------ Supplied records
lemma pmult_punit_left:
  assumes "pelt n f" shows "pmult n (punit n) f = f"
proof (rule ext, clarify)
  fix v ws
  have "pmult n (punit n) f (v, ws) = (\<Sum>j\<le>length ws. if j = 0 then (if v < n then f (v, ws) else 0) else 0)"
    unfolding pmult_def prod.case
    by (rule sum.cong) (auto simp: punit_def)
  also have "\<dots> = f (v, ws)" using assms by (auto simp: pelt_def valid_path_def)
  finally show "pmult n (punit n) f (v, ws) = f (v, ws)" .
qed

lemma pmult_punit_right:
  assumes "pelt n f" shows "pmult n f (punit n) = f"
proof (rule ext, clarify)
  fix v ws
  have "pmult n f (punit n) (v, ws) =
      (\<Sum>j\<le>length ws. if j = length ws then (if path_tgt n v ws < n then f (v, ws) else 0) else 0)"
    unfolding pmult_def prod.case
    by (rule sum.cong) (auto simp: punit_def)
  also have "\<dots> = f (v, ws)" using assms path_tgt_less[of v n ws] by (auto simp: pelt_def valid_path_def)
  finally show "pmult n f (punit n) (v, ws) = f (v, ws)" .
qed

lemma pelt_eq_sum_pbasis:
  assumes "pelt n x"
  shows "x = (\<Sum>P\<in>{P. x P \<noteq> 0}. psmult (x P) (pbasis P))"
proof (rule ext)
  fix p
  have "(\<Sum>P\<in>{P. x P \<noteq> 0}. psmult (x P) (pbasis P)) p = (\<Sum>P\<in>{P. x P \<noteq> 0}. if p = P then x p else 0)"
    unfolding sum_fun_apply by (rule sum.cong) (auto simp: psmult_def pbasis_def)
  also have "\<dots> = x p" using assms by (simp add: pelt_def)
  finally show "x p = (\<Sum>P\<in>{P. x P \<noteq> 0}. psmult (x P) (pbasis P)) p" ..
qed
------------
What is expected
Go through the entries above, and wherever a line holds the word "dots", copy that line.

Expected answer
  also have "\<dots> = f (v, ws)" using assms by (auto simp: pelt_def valid_path_def)
  also have "\<dots> = f (v, ws)" using assms path_tgt_less[of v n ws] by (auto simp: pelt_def valid_path_def)
  also have "\<dots> = x p" using assms by (simp add: pelt_def)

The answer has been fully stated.